The following questions were used to compare self-reported sleep with controls. One question asked about whether the participant sleeps too little, too much, or enough. Two items from the Sleepy1 subscale were recoded to “problem” (if response was 3 or 4) or “no problem”: “During the last two weeks, have you struggled to stay awake (fought sleep) or fallen asleep in the following situations ‘in a class at school’ and ‘watching television or listening to the radio or stereo.’” Three items with scaling from Sleepy2 and Sleep-Wake Problems Behavior Scale were recoded as ‘problem’ (if response was 4 or 5) or ‘no problem’: “In the last two weeks, how often have you. . .‘felt tired, dragged out, or sleepy during the day,’ ‘awakened too early in the morning and couldn't get back to sleep,’ and ‘had an extremely hard time falling asleep.’”²

Variables for Matched Controls

Are you sleepy during the daytime?; Do you fall asleep at school?, and Do you fall asleep while watching television?
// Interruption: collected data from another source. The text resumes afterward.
definition sigma_Rhat_R :: "real \<Rightarrow> real \<Rightarrow> nat \<Rightarrow> real \<Rightarrow> real \<Rightarrow> real" where
  "sigma_Rhat_R n \<delta>' d r rh = min (bar_sigma_Rhat_R n \<delta>' d r) (hat_sigma_Rhat_R n \<delta>' d rh)"

definition sigma_active :: "nat \<Rightarrow> real \<Rightarrow> nat \<Rightarrow> real \<Rightarrow> real" where
  "sigma_active t \<delta> d rh =
     hat_sigma_R_Rhat (real t / 2) (\<delta> / (2 * real t)) d rh +
     bar_sigma_Rhat_R (real t / 2) (\<delta> / (2 * real t)) d
        (rh + hat_sigma_R_Rhat (real t / 2) (\<delta> / (2 * real t)) d rh)"

definition emp_risk :: "('x \<Rightarrow> bool) \<Rightarrow> ('x \<times> bool) list \<Rightarrow> real" where
  "emp_risk f S = real (length (filter (\<lambda>(x, y). f x \<noteq> y) S)) / real (length S)"

definition risk :: "('x \<times> bool) measure \<Rightarrow> ('x \<Rightarrow> bool) \<Rightarrow> real" where
  "risk P f = measure P {z \<in> space P. f (fst z) \<noteq> snd z}"

definition AGR :: "('x \<Rightarrow> bool) set \<Rightarrow> 'x set" where
  "AGR G = {x. \<forall>f\<in>G. \<forall>g\<in>G. f x = g x}"

text \<open>The label \<open>Y'\<close> of \<open>\<P>(G)\<close>: the common value of \<open>G\<close> on \<open>AGR(G)\<close>, the true label otherwise.\<close>
definition relab :: "('x \<Rightarrow> bool) set \<Rightarrow> 'x \<Rightarrow> bool \<Rightarrow> bool" where
  "relab G x y = (if G \<noteq> {} \<and> x \<in> AGR G then (SOME f. f \<in> G) x else y)"

definition riskG :: "('x \<times> bool) measure \<Rightarrow> ('x \<Rightarrow> bool) set \<Rightarrow> ('x \<Rightarrow> bool) \<Rightarrow> real" where
  "riskG P G f = measure P {z \<in> space P. f (fst z) \<noteq> relab G (fst z) (snd z)}"

definition is_pow2 :: "nat \<Rightarrow> bool" where
  "is_pow2 t \<longleftrightarrow> (\<exists>i. t = 2 ^ i)"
These items had response categories of Never, Rarely, Occasionally, Frequently, and Almost Always. Responses to the school and television items were recoded to “problem” if Frequently or Almost Always were selected, or “no problem” if the other choices were selected. Participants also selected whether they perceived themselves to currently have a problem in the following areas: falling asleep, waking up too early and not being able to get back to sleep, not enough sleep, and/ or too much sleep. To coordinate responses with the diabetic cohort, participants were classified as getting too much sleep, not enough sleep, or enough sleep. For questions regarding falling and returning to sleep, coordinating SSHS responses were recoded to “problem” if they experienced this Several Times or Every day/ night over the last two weeks or “no problem” if they experienced it Twice or less.

APPENDIX #2

Table S1.

Correlation matrix of relations between sleep parameters, glucose regulation, and age

Variables	PSG N2%	PSG N3%	PSG REM%	CGM hyper-glycemia%	CGM hypo-glycemia%	HbA1c	CGM glucose averages	Age
PSG N1%	0.03	−0.45**	0.18	−0.08	0.02	0.04	−0.12	0.13
PSG N2%	—	−0.50**	−0.25	0.36*	−0.31	0.54***	0.40*	0.49***
PSG N3%		—	−0.48**	−0.10	−0.05	−0.46**	−0.10	−0.58***
PSG REM%			—	−0.08	0.19	−0.05	−0.13	0.08
SSHS Sleepy1	−0.05	−0.08	0.08	0.03	0.02	−0.02	0.07	0.15
SSHS Sleepy2	0.35*	−0.43**	−0.00	0.15	−0.23	0.16	0.17	0.32*
SSHS Sleep-Wake Behavior Problems	0.38*	−0.42**	−0.04	0.08	−0.19	0.27	0.11	0.33*
SSHS Sleep Quality	−0.41**	−0.01	0.18	−0.17	0.31*	−0.06	−0.22	−0.09

PSG, Polysomnography; SSHS, School Sleep Habits Survey; Ns differ slightly based on missing data for PSG, CGM, or items on questionnaires;

^*P ≤ 0.05,

^**P ≤ 0.01,

^***P ≤ 0.001.

Table S2.

Correlation matrix of relations between sleep and psychosocial functioning

Variables	DQOL-Y Life Satisfaction	DQOL-Y Diabetes-Related Worry	DQOL-Y Disease Impact	Grade Point Average	Reading	Math	SSHS Grades	Pediatric Symptom Checklist	SSHS Depressed Mood
PSG N1%	−0.40*	−0.13	0.00	0.05	−0.06	−0.09	−0.17	0.04	0.05
PSG N2%	−0.19	0.37*	0.47**	−0.37*	−0.24	−0.37*	0.44**	0.48**	0.38*
PSG N3%	0.33*	−0.17	−0.34*	0.23	0.23	0.29	−0.24	−0.21	−0.12
PSG REM%	−0.09	−0.14	−0.19	0.14	0.02	0.09	−0.16	−0.21	−0.14
SSHS Sleepy1	−0.08	0.25	0.24	−0.23	−0.22	−0.26	0.31*	0.13	0.43**
SSHS Sleepy2	−0.41**	0.39**	0.48***	−0.21	−0.24	−0.22	0.50***	0.27	0.31*
SSHS Sleep-Wake Behavior Problems	−0.35*	0.37**	0.48***	−0.32*	−0.32*	−0.15	0.51***	0.33*	0.29*
SSHS Sleep Quality	0.24	−0.15	−0.07	0.14	0.36*	0.24	0.05	−0.21	−0.34*

Reading and Math are scores from the state standardized tests (Arizona's Instrument to Measure Standards test scores; AIMS); Ns differ slightly based on missing items on questionnaire and for school-related data based on school records provided;

^*P ≤ 0.05,

^**P ≤ 0.01,

^***P ≤ 0.001;

State standardized Writing scores, Tardies, and Absences were not included as they had no significant relations with sleep parameters.